PROVIDED DATA section start
definition edge_reconstructable :: "'a graph \<Rightarrow> bool" where
  "edge_reconstructable G \<longleftrightarrow> reconstructable_from G (edge_deck G)"

definition ern :: "'a graph \<Rightarrow> nat" where
  "ern G = (LEAST k. \<exists>S. S \<subseteq># edge_deck G \<and> size S = k \<and> reconstructable_from G S)"

definition connected_graph :: "'a graph \<Rightarrow> bool" where
  "connected_graph G \<longleftrightarrow> (\<forall>x\<in>verts G. \<forall>y\<in>verts G.
     (\<lambda>u v. {u, v} \<in> edges G)\<^sup>*\<^sup>* x y)"

definition regular_graph :: "'a graph \<Rightarrow> bool" where
  "regular_graph G \<longleftrightarrow> (\<exists>k. \<forall>v\<in>verts G. card {u. {u, v} \<in> edges G} = k)"

definition two_swappable :: "'a graph \<Rightarrow> bool" where
  "two_swappable G \<longleftrightarrow> (\<forall>e\<in>edges G. \<exists>A B. A \<subseteq> edges G \<and> B \<subseteq> non_edges G \<and>
     e \<in> A \<and> card A \<le> 2 \<and> graph_iso G (swap_edges G A B))"

definition removal_similar :: "'a graph \<Rightarrow> bool" where
  "removal_similar G \<longleftrightarrow> (\<forall>e\<in>edges G. \<forall>f\<in>edges G.
     graph_iso (edge_delete G e) (edge_delete G f))"

end

theory Submission
  imports Defs
begin

text \<open>
  Removal similarity makes all edge-cards of \<open>G\<close> one isomorphism class \<open>C\<close>, so every sub-multiset
  of the deck with at most two cards lies in \<open>{#C, C#}\<close>; it suffices to exhibit a graph
  \<open>H \<not>\<cong> G\<close> having two cards in \<open>C\<close>. Since \<open>G\<close> is regular, \<open>G - e + b\<close> is never isomorphic to
  \<open>G\<close> (an end of \<open>e\<close> off \<open>b\<close> loses a degree), so 2-swappability yields
  \<open>G \<cong> G - {e, f} + {b\<^sub>1, b\<^sub>2}\<close>. Then \<open>H = G - e + b\<^sub>1\<close> is not isomorphic to \<open>G\<close>, while
  \<open>H - b\<^sub>1 = G - e\<close> and \<open>H - f = (G - {e, f} + {b\<^sub>1, b\<^sub>2}) - b\<^sub>2\<close> is a card of a copy of \<open>G\<close>.
\<close>

definition degree :: "'a graph \<Rightarrow> 'a \<Rightarrow> nat" where
  "degree G v = card {u. {u, v} \<in> edges G}"

lemma verts_edge_delete [simp]: "verts (edge_delete G e) = verts G"
  and edges_edge_delete [simp]: "edges (edge_delete G e) = edges G - {e}"
  and verts_swap_edges [simp]: "verts (swap_edges G A B) = verts G"
  and edges_swap_edges [simp]: "edges (swap_edges G A B) = edges G - A \<union> B"
  by (simp_all add: edge_delete_def swap_edges_def verts_def edges_def)

lemma graph_eqI: "verts G = verts H \<Longrightarrow> edges G = edges H \<Longrightarrow> G = H"
  by (simp add: verts_def edges_def prod_eq_iff)

lemma simple_graph_edgeE:
  assumes "simple_graph G" "e \<in> edges G"
  obtains x y where "x \<in> verts G" "y \<in> verts G" "x \<noteq> y" "e = {x, y}"
  using assms unfolding simple_graph_def by blast

lemma simple_graph_edgeD:
  assumes "simple_graph G" "{u, v} \<in> edges G"
  shows "u \<in> verts G" "v \<in> verts G" "u \<noteq> v"
  using assms by (auto elim!: simple_graph_edgeE simp: doubleton_eq_iff)

lemma finite_verts: "simple_graph G \<Longrightarrow> finite (verts G)"
  by (simp add: simple_graph_def)

lemma finite_edges:
  assumes "simple_graph G"
  shows "finite (edges G)"
proof -
  have "edges G \<subseteq> Pow (verts G)"
    using assms by (auto elim: simple_graph_edgeE)
  then show ?thesis
    using finite_verts[OF assms] by (meson finite_Pow_iff finite_subset)
qed

lemma finite_non_edges:
  assumes "simple_graph G"
  shows "finite (non_edges G)"
proof -
  have "non_edges G \<subseteq> Pow (verts G)"
    unfolding non_edges_def by auto
  then show ?thesis
    using finite_verts[OF assms] by (meson finite_Pow_iff finite_subset)
qed

lemma finite_neighbours: "simple_graph G \<Longrightarrow> finite {u. {u, v} \<in> edges G}"
  by (rule finite_subset[of _ "verts G"]) (auto dest: simple_graph_edgeD simp: finite_verts)

lemma simple_graph_swap_edges:
  assumes "simple_graph G" "B \<subseteq> non_edges G"
  shows "simple_graph (swap_edges G A B)"
proof -
  have "\<exists>x y. x \<in> verts G \<and> y \<in> verts G \<and> x \<noteq> y \<and> e = {x, y}" if "e \<in> B" for e
    using that assms(2) unfolding non_edges_def by blast
  then show ?thesis
    using assms(1) unfolding simple_graph_def by auto
qed

lemma graph_iso_trans:
  assumes "graph_iso G H" "graph_iso H K"
  shows "graph_iso G K"
proof -
  obtain f where f: "bij_betw f (verts G) (verts H)"
    "\<forall>x\<in>verts G. \<forall>y\<in>verts G. {x, y} \<in> edges G \<longleftrightarrow> {f x, f y} \<in> edges H"
    using assms(1) unfolding graph_iso_def by blast
  obtain g where g: "bij_betw g (verts H) (verts K)"
    "\<forall>x\<in>verts H. \<forall>y\<in>verts H. {x, y} \<in> edges H \<longleftrightarrow> {g x, g y} \<in> edges K"
    using assms(2) unfolding graph_iso_def by blast
  have "bij_betw (g \<circ> f) (verts G) (verts K)"
    using f(1) g(1) by (rule bij_betw_trans)
  moreover have "\<forall>x\<in>verts G. \<forall>y\<in>verts G. {x, y} \<in> edges G \<longleftrightarrow> {(g \<circ> f) x, (g \<circ> f) y} \<in> edges K"
    using f g bij_betwE[OF f(1)] by auto
  ultimately show ?thesis
    unfolding graph_iso_def by blast
qed

lemma graph_iso_sym:
  assumes "graph_iso G H"
  shows "graph_iso H G"
proof -
  obtain f where f: "bij_betw f (verts G) (verts H)"
    "\<forall>x\<in>verts G. \<forall>y\<in>verts G. {x, y} \<in> edges G \<longleftrightarrow> {f x, f y} \<in> edges H"
    using assms unfolding graph_iso_def by blast
  define g where "g = inv_into (verts G) f"
  have g: "bij_betw g (verts H) (verts G)"
    unfolding g_def using f(1) by (rule bij_betw_inv_into)
  have "{x, y} \<in> edges H \<longleftrightarrow> {g x, g y} \<in> edges G" if "x \<in> verts H" "y \<in> verts H" for x y
  proof -
    have "g x \<in> verts G" "g y \<in> verts G" "f (g x) = x" "f (g y) = y"
      using that g f(1) bij_betwE bij_betw_inv_into_right unfolding g_def by fastforce+
    then show ?thesis
      using f(2) by metis
  qed
  then show ?thesis
    using g unfolding graph_iso_def by blast
qed

lemma iso_class_eq: "graph_iso G H \<Longrightarrow> iso_class G = iso_class H"
  unfolding iso_class_def using graph_iso_trans graph_iso_sym by blast

lemma graph_iso_edges_image:
  assumes "simple_graph G" "simple_graph K"
    and f: "bij_betw f (verts G) (verts K)"
      "\<forall>x\<in>verts G. \<forall>y\<in>verts G. {x, y} \<in> edges G \<longleftrightarrow> {f x, f y} \<in> edges K"
  shows "edges K = (`) f ` edges G"
proof
  show "(`) f ` edges G \<subseteq> edges K"
  proof
    fix e' assume "e' \<in> (`) f ` edges G"
    then obtain e where e: "e \<in> edges G" "e' = f ` e"
      by blast
    obtain x y where "x \<in> verts G" "y \<in> verts G" "e = {x, y}"
      using simple_graph_edgeE[OF assms(1) e(1)] by blast
    then show "e' \<in> edges K"
      using f(2) e by auto
  qed
next
  show "edges K \<subseteq> (`) f ` edges G"
  proof
    fix e' assume e': "e' \<in> edges K"
    obtain x' y' where "x' \<in> verts K" "y' \<in> verts K" and e'_eq: "e' = {x', y'}"
      using simple_graph_edgeE[OF assms(2) e'] by blast
    moreover note bij_betw_imp_surj_on[OF f(1), symmetric]
    ultimately obtain x y where "x \<in> verts G" "y \<in> verts G" "x' = f x" "y' = f y"
      by (metis imageE)
    with e'_eq have xy: "x \<in> verts G" "y \<in> verts G" "e' = {f x, f y}"
      by simp_all
    then have "{x, y} \<in> edges G"
      using e' f(2) by blast
    then show "e' \<in> (`) f ` edges G"
      using xy(3) by (intro image_eqI[where x = "{x, y}"]) auto
  qed
qed

lemma graph_iso_card_edges:
  assumes "simple_graph G" "simple_graph K" "graph_iso G K"
  shows "card (edges K) = card (edges G)"
proof -
  obtain f where f: "bij_betw f (verts G) (verts K)"
    "\<forall>x\<in>verts G. \<forall>y\<in>verts G. {x, y} \<in> edges G \<longleftrightarrow> {f x, f y} \<in> edges K"
    using assms(3) unfolding graph_iso_def by blast
  have "inj_on ((`) f) (edges G)"
  proof (rule inj_onI)
    fix a b assume "a \<in> edges G" "b \<in> edges G" "f ` a = f ` b"
    moreover have "a \<subseteq> verts G" "b \<subseteq> verts G"
      using assms(1) \<open>a \<in> edges G\<close> \<open>b \<in> edges G\<close> by (auto elim: simple_graph_edgeE)
    ultimately show "a = b"
      using inj_on_image_eq_iff[OF bij_betw_imp_inj_on[OF f(1)]] by blast
  qed
  then show ?thesis
    using graph_iso_edges_image[OF assms(1,2) f] by (simp add: card_image)
qed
PROVIDED DATA section end
Repeat the lines above, from the one containing "ultimately obtain x" to the final line, word for word and with nothing else.

    ultimately obtain x y where "x \<in> verts G" "y \<in> verts G" "x' = f x" "y' = f y"
      by (metis imageE)
    with e'_eq have xy: "x \<in> verts G" "y \<in> verts G" "e' = {f x, f y}"
      by simp_all
    then have "{x, y} \<in> edges G"
      using e' f(2) by blast
    then show "e' \<in> (`) f ` edges G"
      using xy(3) by (intro image_eqI[where x = "{x, y}"]) auto
  qed
qed

lemma graph_iso_card_edges:
  assumes "simple_graph G" "simple_graph K" "graph_iso G K"
  shows "card (edges K) = card (edges G)"
proof -
  obtain f where f: "bij_betw f (verts G) (verts K)"
    "\<forall>x\<in>verts G. \<forall>y\<in>verts G. {x, y} \<in> edges G \<longleftrightarrow> {f x, f y} \<in> edges K"
    using assms(3) unfolding graph_iso_def by blast
  have "inj_on ((`) f) (edges G)"
  proof (rule inj_onI)
    fix a b assume "a \<in> edges G" "b \<in> edges G" "f ` a = f ` b"
    moreover have "a \<subseteq> verts G" "b \<subseteq> verts G"
      using assms(1) \<open>a \<in> edges G\<close> \<open>b \<in> edges G\<close> by (auto elim: simple_graph_edgeE)
    ultimately show "a = b"
      using inj_on_image_eq_iff[OF bij_betw_imp_inj_on[OF f(1)]] by blast
  qed
  then show ?thesis
    using graph_iso_edges_image[OF assms(1,2) f] by (simp add: card_image)
qed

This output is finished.